Extra kosten zorgverlener door wijziging Wgbo
Dit concludeertSIRA Consulting in een rapport dat door het ministerie van Volksgezondheid, Welzijn en Sport (VWS) is gepubliceerd.
In de Wgbo staan de rechten en plichten van hulpverleners en patiënten beschreven, zoals het geven van toestemming van de patiënt voor een behandeling, informatieverschaffing en het recht van de patiënt op inzage in het eigen medisch dossier. Vorige maand heeft de minister van VWS een wetsvoorstel aan de Tweede Kamer gestuurd met daarin een aantal wijzigingen van de Wgbo, gericht op een versterking van de positie van de patiënt. Nieuw is onder meer dat in de wet is opgenomen dat hulpverlener en patiënt samen beslissen over onderzoeken en behandelingen. Ook stijgt de bewaartermijn van het medisch dossier van vijftien naar twintig jaar en komen er nieuwe regels met betrekking tot het inzagerecht van nabestaanden in het dossier van overleden patiënten.
Effecten regeldruk
SIRA deed onderzoek naar de 'regeldrukeffecten' van de wetswijziging en de kostenstijging die hiervan het gevolg is. Hulpverleners moeten bijvoorbeeld kennisnemen van de wijziging van de Wgbo, zodat zij weten aan welke verplichtingen zij moeten voldoen. Dit kost zorgverleners gezamenlijk in totaal ruim 1,1 miljoen euro. Het aanpassen van de administratieve organisatie betekent een eenmalige kostenpost van ruim 400 duizend euro voor zorgverleners, aldus de onderzoekers.
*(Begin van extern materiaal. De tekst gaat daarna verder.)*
(* Let $n\ge1$, $v>0$, $0\le\rho<\frac12v$, and let $B=(b_{jk})_{j,k=0}^n$ with $b_{jk}=v-k$ if $j>k$, $b_{kk}=\frac v2-k-\rho$, $b_{jk}=-j$ if $j<k$. The unique ESS $\mathbf{p}=(p_0,\dots,p_n)^T$ of $B$ is given as follows. If $v\ge2n+2\rho$, then $p_0=\dots=p_{n-1}=0$, $p_n=1$. Otherwise there is a unique index $s\in\{0,\dots,n-1\}$ such that $n-1+\rho\le\frac v2+s<n+\rho$, and $$p_k=\frac1c\Big(-\frac v2-\rho\Big)^k\Big\{u_{s-k+1}+\Big(s+1-n+\frac v2+\rho\Big)u_{s-k}+(s+1-n)\Big(\frac v2+\rho\Big)u_{s-k-1}\Big\},\quad0\le k\le s,$$ $$p_k=0,\quad s+1\le k\le n-1,\qquad p_n=\frac1c\Big(-\frac v2-\rho\Big)^{s+1},$$ where $\gamma=\sqrt{\frac{v^2}{4}-\rho^2}$, $u_k=(-i\gamma)^kU_k\big(-\frac{i(2\rho+1)}{2\gamma}\big)$ and $$c=-u_{s+2}+(n-s-1-2\rho)u_{s+1}+\{2\rho(n-s-1)+\gamma^2\}u_s-(n-s-1)\gamma^2u_{s-1}.$$
   Context: $U_m$ denotes the $m$th Chebyshev polynomial of the second kind (evaluated at complex arguments as a polynomial), with the convention $U_{-1}\equiv0$; $i=\sqrt{-1}$. Strategies are indexed $0,\dots,n$, $\overline\Delta=\{\mathbf{q}\in[0,1]^{n+1}:\sum q_j=1\}$. $\mathbf{p}\in\overline\Delta$ is an ESS for $B$ if (i) $\mathbf{p}^TB\mathbf{p}\ge\mathbf{q}^TB\mathbf{p}$ for all $\mathbf{q}\in\overline\Delta$ and (ii) whenever $\mathbf{q}\ne\mathbf{p}$ and $\mathbf{p}^TB\mathbf{p}=\mathbf{q}^TB\mathbf{p}$, then $\mathbf{p}^TB\mathbf{q}>\mathbf{q}^TB\mathbf{q}$. *)

theory Defs
  imports Complex_Main
begin

fun chebU :: "nat \<Rightarrow> complex \<Rightarrow> complex" where
  "chebU 0 x = 1"
| "chebU (Suc 0) x = 2 * x"
| "chebU (Suc (Suc m)) x = 2 * x * chebU (Suc m) x - chebU m x"

definition chebU_int :: "int \<Rightarrow> complex \<Rightarrow> complex" where
  "chebU_int m x = (if m < 0 then 0 else chebU (nat m) x)"

text \<open>Strategies are indexed 0..n; a mixed strategy is a function nat => real, only values on {0..n} matter.\<close>
definition simplex :: "nat \<Rightarrow> (nat \<Rightarrow> real) \<Rightarrow> bool" where
  "simplex n q \<longleftrightarrow> (\<forall>j\<le>n. 0 \<le> q j \<and> q j \<le> 1) \<and> (\<Sum>j\<le>n. q j) = 1"

definition bilin :: "nat \<Rightarrow> (nat \<Rightarrow> nat \<Rightarrow> real) \<Rightarrow> (nat \<Rightarrow> real) \<Rightarrow> (nat \<Rightarrow> real) \<Rightarrow> real" where
  "bilin n B q p = (\<Sum>j\<le>n. \<Sum>k\<le>n. q j * B j k * p k)"

definition ESS :: "nat \<Rightarrow> (nat \<Rightarrow> nat \<Rightarrow> real) \<Rightarrow> (nat \<Rightarrow> real) \<Rightarrow> bool" where
  "ESS n B p \<longleftrightarrow> simplex n p \<and>
     (\<forall>q. simplex n q \<longrightarrow> bilin n B p p \<ge> bilin n B q p) \<and>
     (\<forall>q. simplex n q \<and> (\<exists>j\<le>n. q j \<noteq> p j) \<and> bilin n B p p = bilin n B q p
          \<longrightarrow> bilin n B p q > bilin n B q q)"

definition payoffB :: "real \<Rightarrow> real \<Rightarrow> nat \<Rightarrow> nat \<Rightarrow> real" where
  "payoffB v \<rho> j k = (if j > k then v - real k
                      else if j = k then v / 2 - real k - \<rho>
                      else - real j)"

definition gam :: "real \<Rightarrow> real \<Rightarrow> real" where
  "gam v \<rho> = sqrt (v^2 / 4 - \<rho>^2)"

definition uu :: "real \<Rightarrow> real \<Rightarrow> int \<Rightarrow> complex" where
  "uu v \<rho> k = (if k < 0 then 0 else
      (- \<i> * complex_of_real (gam v \<rho>)) ^ nat k *
      chebU_int k (- \<i> * complex_of_real (2 * \<rho> + 1) / (2 * complex_of_real (gam v \<rho>))))"

definition cc :: "nat \<Rightarrow> real \<Rightarrow> real \<Rightarrow> nat \<Rightarrow> complex" where
  "cc n v \<rho> s = (let g = complex_of_real (gam v \<rho>); m = of_int (int n - int s - 1) :: complex in
      - uu v \<rho> (int s + 2) + (m - 2 * complex_of_real \<rho>) * uu v \<rho> (int s + 1)
      + (2 * complex_of_real \<rho> * m + g^2) * uu v \<rho> (int s)
      - m * g^2 * uu v \<rho> (int s - 1))"

end

theory Submission
  imports Defs
begin

(* The symmetric part of the payoff matrix is v 1 1^T - 2 min(j,k) - 2 rho I, and
   min(j,k) = sum over l in {1..n} of [l <= j][l <= k] is a Gram matrix. Hence x^T B x < 0 for
   every nonzero x with zero sum, which makes any symmetric Nash equilibrium the unique ESS.
   So it suffices to exhibit a Nash equilibrium. If v >= 2n + 2 rho, the pure strategy n is one.
   Otherwise put a = v/2 + rho and b = v/2 - rho, and let s be the index with
   n - s - 1 <= b < n - s. The equilibrium is supported on {0..s} and {n}: equal payoffs of
   consecutive pure strategies in {0..s} amount to a three-term recurrence, which is solved by the
   Lucas sequence L with L(k+2) = (a - b + 1) L(k+1) + a b L(k). Since u_k = (-1)^k L(k+1), this
   yields the Chebyshev expressions of the theorem. *)

section \<open>Symmetric Nash equilibria and evolutionary stability\<close>

definition row_payoff :: "nat \<Rightarrow> (nat \<Rightarrow> nat \<Rightarrow> real) \<Rightarrow> nat \<Rightarrow> (nat \<Rightarrow> real) \<Rightarrow> real" where
  "row_payoff n B j p = (\<Sum>k\<le>n. B j k * p k)"

definition nash :: "nat \<Rightarrow> (nat \<Rightarrow> nat \<Rightarrow> real) \<Rightarrow> (nat \<Rightarrow> real) \<Rightarrow> bool" where
  "nash n B p \<longleftrightarrow> simplex n p \<and> (\<forall>q. simplex n q \<longrightarrow> bilin n B q p \<le> bilin n B p p)"

definition negdef_on_zero_sum :: "nat \<Rightarrow> (nat \<Rightarrow> nat \<Rightarrow> real) \<Rightarrow> bool" where
  "negdef_on_zero_sum n B \<longleftrightarrow>
     (\<forall>x. (\<Sum>j\<le>n. x j) = 0 \<longrightarrow> (\<exists>j\<le>n. x j \<noteq> 0) \<longrightarrow> bilin n B x x < 0)"

lemma bilin_eq_sum_row_payoff: "bilin n B q p = (\<Sum>j\<le>n. q j * row_payoff n B j p)"
  by (simp add: bilin_def row_payoff_def sum_distrib_left mult.assoc)

lemma bilin_diff_diff:
  "bilin n B (\<lambda>j. p j - q j) (\<lambda>j. p j - q j)
   = bilin n B p p - bilin n B p q - bilin n B q p + bilin n B q q"
  by (simp add: bilin_def algebra_simps sum_subtractf sum.distrib)

lemma nash_imp_unique_ESS:
  assumes negdef: "negdef_on_zero_sum n B" and "nash n B p"
  shows "ESS n B p \<and> (\<forall>q. ESS n B q \<longrightarrow> (\<forall>j\<le>n. q j = p j))"
proof -
  have p: "simplex n p" and best: "\<And>q. simplex n q \<Longrightarrow> bilin n B q p \<le> bilin n B p p"
    using \<open>nash n B p\<close> by (auto simp: nash_def)
  have strict: "bilin n B p q - bilin n B q q > bilin n B p p - bilin n B q p"
    if q: "simplex n q" and "\<exists>j\<le>n. q j \<noteq> p j" for q
  proof -
    have "(\<Sum>j\<le>n. p j - q j) = 0" using p q by (simp add: simplex_def sum_subtractf)
    moreover have "\<exists>j\<le>n. p j - q j \<noteq> 0" using that(2) by auto
    ultimately have "bilin n B (\<lambda>j. p j - q j) (\<lambda>j. p j - q j) < 0"
      using negdef by (simp add: negdef_on_zero_sum_def)
    then show ?thesis by (simp add: bilin_diff_diff)
  qed
  have "ESS n B p"
    unfolding ESS_def using p best strict by force
  moreover have "\<forall>j\<le>n. q j = p j" if "ESS n B q" for q
  proof (rule ccontr)
    assume "\<not> (\<forall>j\<le>n. q j = p j)"
    moreover have q: "simplex n q" and "bilin n B p q \<le> bilin n B q q"
      using \<open>ESS n B q\<close> p by (auto simp: ESS_def)
    ultimately show False using strict[OF q] best[OF q] by auto
  qed
  ultimately show ?thesis by blast
qed

lemma nash_if_equalizer:
  assumes p: "simplex n p"
    and le: "\<And>j. j \<le> n \<Longrightarrow> row_payoff n B j p \<le> E"
    and eq: "\<And>j. j \<le> n \<Longrightarrow> p j \<noteq> 0 \<Longrightarrow> row_payoff n B j p = E"
  shows "nash n B p"
proof -
  have "bilin n B q p \<le> E" if q: "simplex n q" for q
  proof -
    have "bilin n B q p \<le> (\<Sum>j\<le>n. q j * E)"
      unfolding bilin_eq_sum_row_payoff using q le
      by (intro sum_mono mult_left_mono) (auto simp: simplex_def)
    also have "\<dots> = E" using q by (simp add: simplex_def flip: sum_distrib_right)
    finally show ?thesis .
  qed
  moreover have "bilin n B p p = E"
  proof -
    have "bilin n B p p = (\<Sum>j\<le>n. p j * E)"
      unfolding bilin_eq_sum_row_payoff by (intro sum.cong refl) (metis atMost_iff eq mult_zero_left)
    also have "\<dots> = E" using p by (simp add: simplex_def flip: sum_distrib_right)
    finally show ?thesis .
  qed
  ultimately show ?thesis using p by (simp add: nash_def)
qed

section \<open>The payoff matrix\<close>

lemma row_payoff_payoffB:
  assumes "j \<le> n"
  shows "row_payoff n (payoffB v \<rho>) j p
    = (\<Sum>k<j. (v - real k) * p k) + (v/2 - real j - \<rho>) * p j - real j * (\<Sum>k\<in>{j<..n}. p k)"
  using assms
proof (induction n rule: dec_induct)
  case base
  have "(\<Sum>k<j. payoffB v \<rho> j k * p k) = (\<Sum>k<j. (v - real k) * p k)"
    by (rule sum.cong) (auto simp: payoffB_def)
  then show ?case by (simp add: row_payoff_def payoffB_def flip: lessThan_Suc_atMost)
next
  case (step m)
  have "{j<..Suc m} = insert (Suc m) {j<..m}" using step by auto
  then show ?case using step by (simp add: row_payoff_def payoffB_def algebra_simps)
qed

lemma row_payoff_payoffB_Suc_diff:
  assumes "Suc j \<le> n"
  shows "row_payoff n (payoffB v \<rho>) (Suc j) p - row_payoff n (payoffB v \<rho>) j p
    = (v/2 + \<rho>) * p j + (v/2 - \<rho> - 1) * p (Suc j) - (\<Sum>k\<in>{Suc j<..n}. p k)"
proof -
  have "{j<..n} = insert (Suc j) {Suc j<..n}" using assms by auto
  then show ?thesis using assms
    by (simp add: row_payoff_payoffB algebra_simps)
qed

lemma payoffB_add_transpose:
  "payoffB v \<rho> j k + payoffB v \<rho> k j = v - 2 * real (min j k) - (if j = k then 2 * \<rho> else 0)"
  by (auto simp: payoffB_def min_def)

lemma sum_min_quadratic:
  "(\<Sum>j\<le>n. \<Sum>k\<le>n. x j * x k * real (min j k)) = (\<Sum>l\<in>{1..n}. (\<Sum>j\<in>{l..n}. x j)\<^sup>2)"
proof -
  have min_count: "real (min j k) = (\<Sum>l\<in>{1..n}. if l \<le> j \<and> l \<le> k then 1 else 0)"
    if "j \<le> n" "k \<le> n" for j k
  proof -
    have "{1..n} \<inter> {l. l \<le> j \<and> l \<le> k} = {1..min j k}" using that by auto
    then show ?thesis by (simp add: sum.If_cases)
  qed
  have tail: "(\<Sum>j\<in>{l..n}. x j) = (\<Sum>j\<le>n. if l \<le> j then x j else 0)" for l
  proof -
    have "{..n} \<inter> {j. l \<le> j} = {l..n}" by auto
    then show ?thesis by (simp add: sum.If_cases)
  qed
  have "(\<Sum>j\<le>n. \<Sum>k\<le>n. x j * x k * real (min j k))
      = (\<Sum>j\<le>n. \<Sum>k\<le>n. \<Sum>l\<in>{1..n}. (if l \<le> j then x j else 0) * (if l \<le> k then x k else 0))"
    by (intro sum.cong refl) (auto simp: min_count sum_distrib_left intro!: sum.cong)
  also have "\<dots> = (\<Sum>l\<in>{1..n}. \<Sum>j\<le>n. \<Sum>k\<le>n. (if l \<le> j then x j else 0) * (if l \<le> k then x k else 0))"
    by (subst sum.swap) (subst (2) sum.swap, rule refl)
  also have "\<dots> = (\<Sum>l\<in>{1..n}. (\<Sum>j\<in>{l..n}. x j)\<^sup>2)"
    unfolding tail power2_eq_square sum_product by simp
  finally show ?thesis .
qed

lemma zero_if_tail_sums_zero:
  fixes x :: "nat \<Rightarrow> real"
  assumes "\<And>l. l \<le> n \<Longrightarrow> (\<Sum>j\<in>{l..n}. x j) = 0" and "j \<le> n"
  shows "x j = 0"
proof -
  have "{j..n} = insert j {Suc j..n}" using \<open>j \<le> n\<close> by auto
  then have "(\<Sum>i\<in>{j..n}. x i) = x j + (\<Sum>i\<in>{Suc j..n}. x i)" by simp
  moreover have "(\<Sum>i\<in>{Suc j..n}. x i) = 0" using assms by (cases "Suc j \<le> n") auto
  ultimately show ?thesis using assms by simp
qed

lemma bilin_payoffB_zero_sum:
  assumes "(\<Sum>j\<le>n. x j) = 0"
  shows "bilin n (payoffB v \<rho>) x x
    = - (\<Sum>l\<in>{1..n}. (\<Sum>j\<in>{l..n}. x j)\<^sup>2) - \<rho> * (\<Sum>j\<le>n. (x j)\<^sup>2)"
proof -
  let ?B = "payoffB v \<rho>"
  have "2 * bilin n ?B x x = (\<Sum>j\<le>n. \<Sum>k\<le>n. x j * x k * (?B j k + ?B k j))"
    unfolding mult_2 bilin_def
    by (subst (2) sum.swap) (simp add: algebra_simps sum.distrib)
  also have "\<dots> = (\<Sum>j\<le>n. \<Sum>k\<le>n. x j * x k * v)
      - 2 * (\<Sum>j\<le>n. \<Sum>k\<le>n. x j * x k * real (min j k))
      - (\<Sum>j\<le>n. \<Sum>k\<le>n. x j * x k * (if j = k then 2 * \<rho> else 0))"
    unfolding payoffB_add_transpose
    by (simp add: algebra_simps sum_subtractf sum_distrib_left sum.distrib)
  also have "(\<Sum>j\<le>n. \<Sum>k\<le>n. x j * x k * v) = 0"
    using assms by (simp add: mult.assoc flip: sum_distrib_left sum_distrib_right)
  also have "(\<Sum>j\<le>n. \<Sum>k\<le>n. x j * x k * (if j = k then 2 * \<rho> else 0))
      = 2 * \<rho> * (\<Sum>j\<le>n. (x j)\<^sup>2)"
    by (simp add: sum_distrib_left if_distrib power2_eq_square mult_ac cong: if_cong)
  finally show ?thesis by (simp add: sum_min_quadratic)
qed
Daarnaast gaat het bureau uit van een structurele lastenstijging als gevolg van de wetswijziging. Zo zal de verlenging van de bewaartermijnen van medisch dossiers jaarlijks leiden tot zo’n 1,3 miljoen euro aan extra kosten. De wijziging van het inzagerecht betekent jaarlijks zo’n 25 duizend euro kosten voor nabestaanden en niet-professionele vertegenwoordigers en 39 duizend euro voor zorgverleners en professionele vertegenwoordigers.